Byram was warm, thoughtful, insightful, experienced, and convincing. His advice changed the direction of my life in the most positive way. I have been to see him once or twice a week ever since to talk about work mostly, and he always thinks with that same objective clarity he showed me at that first meeting. He understands my brain, the intensity with which I experience and respond to the world. He helps me test my intuitions and strip away the psychological, social, emotional, and intellectual filters that can obscure the truth.
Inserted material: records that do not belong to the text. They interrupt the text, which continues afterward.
theorem lemma3p2:
  fixes K L :: "'s::{linorder,finite} set" and q :: "'r::comm_ring_1"
  assumes "\<forall>k\<in>K. \<forall>l\<in>L. k < l"
  shows "nc_mult (tau_minus q K) (tau_minus q L) =
           (\<lambda>w. \<Sum>i=1..card K. (-1) ^ (card K - i) *
              tau_minus q ((K \<union> L) - {sorted_list_of_set K ! (i - 1)}) w)
       \<and> nc_mult (tau_minus q K) (tau_minus q L) =
           (\<lambda>w. \<Sum>i=1..card L. (-1) ^ (i - 1) *
              tau_minus q ((K \<union> L) - {sorted_list_of_set L ! (i - 1)}) w)"
proof -
  have fin: "finite K" "finite L" by simp_all
  note product = nc_mult_tau_minus_apply[OF fin assms]
  have first: "nc_mult (tau_minus q K) (tau_minus q L) w =
      (\<Sum>i=1..card K. (-1) ^ (card K - i) * tau_minus q ((K \<union> L) - {sorted_list_of_set K ! (i - 1)}) w)"
    for w
  proof -
    have "(\<Sum>i=1..card K. (-1) ^ (card K - i) * tau_minus q ((K \<union> L) - {sorted_list_of_set K ! (i - 1)}) w)
        = (\<Sum>k\<in>K. (-1) ^ (card K - pos K k) * tau_minus q (K \<union> L - {k}) w)"
      using sum_atLeast1_nth_sorted_list_of_set[OF fin(1),
          where F = "\<lambda>i k. (-1) ^ (card K - i) * tau_minus q (K \<union> L - {k}) w"] .
    then show ?thesis
      using tau_coeff_mult_expand_first[OF fin assms, of "set w" q]
      by (simp add: product sum_tau_minus_delete_apply)
  qed
  have second: "nc_mult (tau_minus q K) (tau_minus q L) w =
      (\<Sum>i=1..card L. (-1) ^ (i - 1) * tau_minus q ((K \<union> L) - {sorted_list_of_set L ! (i - 1)}) w)"
    for w
  proof -
    have "(\<Sum>i=1..card L. (-1) ^ (i - 1) * tau_minus q ((K \<union> L) - {sorted_list_of_set L ! (i - 1)}) w)
        = (\<Sum>l\<in>L. (-1) ^ (pos L l - 1) * tau_minus q (K \<union> L - {l}) w)"
      using sum_atLeast1_nth_sorted_list_of_set[OF fin(2),
          where F = "\<lambda>i l. (-1) ^ (i - 1) * tau_minus q (K \<union> L - {l}) w"] .
    then show ?thesis
      using tau_coeff_mult_expand_second[OF fin assms, of "set w" q]
      by (simp add: product sum_tau_minus_delete_apply)
  qed
  show ?thesis
    using first second by (intro conjI ext)
qed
Byram was also right about my divorce clearing the way for a new chapter in my personal life. My friends were kind enough to set up dates for me, and one was with a recently divorced attorney, Christine Hearst, who had a job lined up and her boxes packed to move to Palo Alto. Not the most promising setup. We were both busy, and Christine was already thinking about her new life on the West Coast. But my friends were insistent that I meet her, and I had promised I would try.
I thought our first date was great. She thought it was weird. She was expecting me to pick her up, but I was working late and we were going to a party close to my office, so I sent a car over to get her instead. She looked surprised when I finally did get in the car. I glanced over and said, “Hi, I’m Steve.” And then proceeded to flip down the visor mirror and run an electric shaver over my face. We went from a book party at Rockefeller Center to see George Michael perform at the new Sony Plaza building on Madison Avenue to a dinner party with friends. Debbie Bancroft, the mutual friend who introduced us, called me the next morning to ask how the date went.
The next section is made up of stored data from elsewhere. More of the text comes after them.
lemma semiball_entropy_tendsto_line:
  "(\<lambda>n. ln (real (semiball_patterns n)) / real (card (semiball k K [0] n))) \<longlonglongrightarrow> line_entropy"
proof -
  have upper: "(\<lambda>n. ln (real (ball_patterns n)) / real (n + 1)) \<longlonglongrightarrow> line_entropy"
    using ball_entropy_tendsto_line by (simp add: card_Delta_line)
  have "(\<lambda>n. ln (real (ball_patterns (Suc n))) / real (Suc n + 1) * (real (Suc n + 1) / real (Suc n))
      - ln (real CARD('a)) / real (Suc n)) \<longlonglongrightarrow> line_entropy * 1 - 0"
    using LIMSEQ_Suc[OF upper] LIMSEQ_Suc[OF LIMSEQ_Suc_n_over_n] LIMSEQ_Suc[OF lim_const_over_n]
    by (intro tendsto_intros) simp_all
  then have lower: "(\<lambda>n. (ln (real (ball_patterns (Suc n))) - ln (real CARD('a))) / real (n + 1))
      \<longlonglongrightarrow> line_entropy"
    by (simp add: diff_divide_distrib)
  have "ln (real (ball_patterns (Suc n))) \<le> ln (real CARD('a)) + ln (real (semiball_patterns n))" for n
  proof -
    have "real (ball_patterns (Suc n)) \<le> real CARD('a) * real (semiball_patterns n)"
      by (metis ball_patterns_Suc_le of_nat_le_iff of_nat_mult)
    then have "ln (real (ball_patterns (Suc n))) \<le> ln (real CARD('a) * real (semiball_patterns n))"
      using ball_patterns_pos[of "Suc n"] by (intro ln_mono) auto
    then show ?thesis
      using semiball_patterns_pos[of n] by (simp add: ln_mult)
  qed
  then have "\<forall>\<^sub>F n in sequentially. (ln (real (ball_patterns (Suc n))) - ln (real CARD('a))) / real (n + 1)
      \<le> ln (real (semiball_patterns n)) / real (n + 1)"
    by (intro always_eventually allI divide_right_mono) (auto simp: algebra_simps)
  moreover have "\<forall>\<^sub>F n in sequentially. ln (real (semiball_patterns n)) / real (n + 1)
      \<le> ln (real (ball_patterns n)) / real (n + 1)"
    using semiball_patterns_le semiball_patterns_pos
    by (intro always_eventually allI divide_right_mono ln_mono) auto
  ultimately have "(\<lambda>n. ln (real (semiball_patterns n)) / real (n + 1)) \<longlonglongrightarrow> line_entropy"
    by (rule tendsto_sandwich[OF _ _ lower upper])
  then show ?thesis
    by (simp add: card_semiball_line)
qed


end

lemma (in hom_tree_shift) entropy_limits_agree:
  assumes prim: "primitive_mat k K" and i: "i < k"
  shows "\<exists>L. (\<lambda>n. ln (real (pn k K X n)) / real (card (Delta k K n))) \<longlonglongrightarrow> L \<and>
    (\<lambda>n. ln (real (pn_semi k K X [i] n)) / real (card (semiball k K [i] n))) \<longlonglongrightarrow> L"
proof (cases "X = {}")
  case True
  then show ?thesis
    by (simp add: pn_def pn_semi_def accepted_patterns_def) (rule exI, rule tendsto_const)
next
  case False
  then interpret nonempty_hom_tree_shift k K m A
    by unfold_locales (simp add: X_def)
  show ?thesis
  proof (cases "m = 1")
    case True
    then have "k = 1"
      using primitive_row_sum_one[OF prim] row_sum k_pos by simp
    then interpret linear_tree_shift k K m A
      by unfold_locales
    show ?thesis
      using ball_entropy_tendsto_line semiball_entropy_tendsto_line i \<open>k = 1\<close>
      by (auto simp: pn_def pn_semi_def)
  next
    case False
    then interpret branching_tree_shift k K m A
      using m_pos by unfold_locales simp
    show ?thesis
      using ball_entropy_tendsto semiball_entropy_tendsto[OF i] by (auto simp: pn_def pn_semi_def)
  qed
qed

theorem theorem4p3:
  fixes k :: nat and K :: "nat \<Rightarrow> nat \<Rightarrow> bool" and m :: nat
    and A :: "nat \<Rightarrow> 'a::finite \<Rightarrow> 'a \<Rightarrow> bool"
  assumes prim: "primitive_mat k K"
    and rowsum: "\<forall>i<k. card {j. j < k \<and> K i j} = m"
    and hom: "\<forall>i<k. A i = A 0"
  shows "\<forall>i<k.
     (\<lambda>n. ereal (ln (real (pn k K (markov_tree_shift k K A) n))
                  / real (card (Delta k K n))))
       \<longlonglongrightarrow> stem_entropy k K (markov_tree_shift k K A) [i]"
proof (intro allI impI)
  fix i
  assume i: "i < k"
  then have "0 < k" and "0 < m"
    using primitive_row_sum_pos[OF prim rowsum] by auto
  interpret hom_tree_shift k K m "A 0"
    using \<open>0 < k\<close> \<open>0 < m\<close> rowsum by unfold_locales auto
  obtain L where "(\<lambda>n. ln (real (pn k K X n)) / real (card (Delta k K n))) \<longlonglongrightarrow> L"
    and "(\<lambda>n. ln (real (pn_semi k K X [i] n)) / real (card (semiball k K [i] n))) \<longlonglongrightarrow> L"
    using entropy_limits_agree[OF prim i] by blast
  then show "(\<lambda>n. ereal (ln (real (pn k K (markov_tree_shift k K A) n)) / real (card (Delta k K n))))
      \<longlonglongrightarrow> stem_entropy k K (markov_tree_shift k K A) [i]"
    unfolding X_def markov_tree_shift_hom[OF hom] stem_entropy_def
    by (rule tendsto_imp_limsup_eq)
qed

end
“Great,” I told her. I liked Christine and we had done all these exciting things. Christine, though gregarious, is a private person. She had told Debbie she felt like an accessory as we went from place to place, socializing with lots of people I knew and she didn’t. She had had a miserable time. The date was so busy that we never had a proper chance to talk at all. Debbie told me I was to call Christine, apologize, and invite her out for a quiet evening at a restaurant, someplace where we could actually get to know each other. I did as she suggested, and our next date was a long dinner at an Italian restaurant on First Avenue. I had such a good time that by the end of the dinner, I had my trusty calendar out. Christine looked surprised as I ran through various dates and tried to schedule when we might meet again. She wasn’t used to anyone in finance as precise as I can be.
“We can do this thing fast or slow,” I said. “I prefer fast.”
Thankfully, I didn’t put her off. Once we started dating, one of her first orders of business was to bring some order to my bachelor habits. I was living in an apartment at 950 Fifth Avenue with my son, Teddy, and had hired a chef, Chang. Night after night we’d have those familiar father–teenage son conversations over dinner. “How was school?” “Fine.”
The first time Christine came over, she went into my kitchen and opened the fridge. It was more than I ever did. There she found box upon box of Stouffer’s ready meals all stacked up. For two years, Chang had been heating them up and serving them to me and my son, and we hadn’t even noticed.
A couple of years later, after Christine and I were married, I wanted to hire a chef. Christine has many skills, but none of them include meal prep. And everyone who knows me knows that after a long day’s work, I like a proper dinner. So we put out an ad and were particularly impressed by a résumé from a chef called Hymie. We invited him for an interview, and Christine recognized him the moment she opened the door. It was Chang! He had simply changed his name and hoped we might have forgotten the bad Stouffer years. That’s New York for you.